## What to produce
Give the entries again in full. Nothing may be altered.

[[ Records shown open ]]

lemma detX_arith_progression:
  assumes "1 \<le> d" "d \<le> Suc k"
  shows "detX C d k = detX C d d + (int k - int d) * Delta C d"
proof -
  define f where "f m = detX C d (d - 1 + m)" for m
  have "f (Suc (Suc m)) = 2 * f (Suc m) - f m" for m
    using detX_recurrence[of d "d + m" C] assms(1)
    by (simp add: f_def Suc_diff_le)
  then have arith: "f m = f 0 + of_nat m * (f 1 - f 0)" for m
    by (rule arith_progression_of_second_diff_zero)
  have step: "f 1 - f 0 = Delta C d"
    using detX_recurrence[of d d C] assms(1) by (simp add: f_def Delta_def)
  have progression: "f m = f 0 + of_nat m * Delta C d" for m
    using arith[of m] by (simp only: step)
  have "f 1 = detX C d d"
    using assms(1) by (simp add: f_def)
  with step have "f 0 = detX C d d - Delta C d"
    by simp
  with progression[of "Suc k - d"] show ?thesis
    using assms by (simp add: f_def of_nat_diff algebra_simps)
qed

lemma coprime_detX_pred:
  assumes "1 \<le> d" "extensible C d"
  shows "coprime (detX C d d) (detX C d (d - 1))"
proof -
  have "detX C d (d - 1) = detX C d d - Delta C d"
    using detX_arith_progression[of d "d - 1" C] assms(1) by (simp add: of_nat_diff)
  moreover have "gcd (detX C d d - Delta C d) (detX C d d) = 1"
    using gcd_diff2[of "detX C d d" "Delta C d"] assms(2) by (simp add: extensible_def)
  ultimately show ?thesis
    by (simp add: coprime_iff_gcd_eq_1 gcd.commute)
qed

[[ Records shown closed ]]

## Your response
lemma detX_arith_progression:
  assumes "1 \<le> d" "d \<le> Suc k"
  shows "detX C d k = detX C d d + (int k - int d) * Delta C d"
proof -
  define f where "f m = detX C d (d - 1 + m)" for m
  have "f (Suc (Suc m)) = 2 * f (Suc m) - f m" for m
    using detX_recurrence[of d "d + m" C] assms(1)
    by (simp add: f_def Suc_diff_le)
  then have arith: "f m = f 0 + of_nat m * (f 1 - f 0)" for m
    by (rule arith_progression_of_second_diff_zero)
  have step: "f 1 - f 0 = Delta C d"
    using detX_recurrence[of d d C] assms(1) by (simp add: f_def Delta_def)
  have progression: "f m = f 0 + of_nat m * Delta C d" for m
    using arith[of m] by (simp only: step)
  have "f 1 = detX C d d"
    using assms(1) by (simp add: f_def)
  with step have "f 0 = detX C d d - Delta C d"
    by simp
  with progression[of "Suc k - d"] show ?thesis
    using assms by (simp add: f_def of_nat_diff algebra_simps)
qed

lemma coprime_detX_pred:
  assumes "1 \<le> d" "extensible C d"
  shows "coprime (detX C d d) (detX C d (d - 1))"
proof -
  have "detX C d (d - 1) = detX C d d - Delta C d"
    using detX_arith_progression[of d "d - 1" C] assms(1) by (simp add: of_nat_diff)
  moreover have "gcd (detX C d d - Delta C d) (detX C d d) = 1"
    using gcd_diff2[of "detX C d d" "Delta C d"] assms(2) by (simp add: extensible_def)
  ultimately show ?thesis
    by (simp add: coprime_iff_gcd_eq_1 gcd.commute)
qed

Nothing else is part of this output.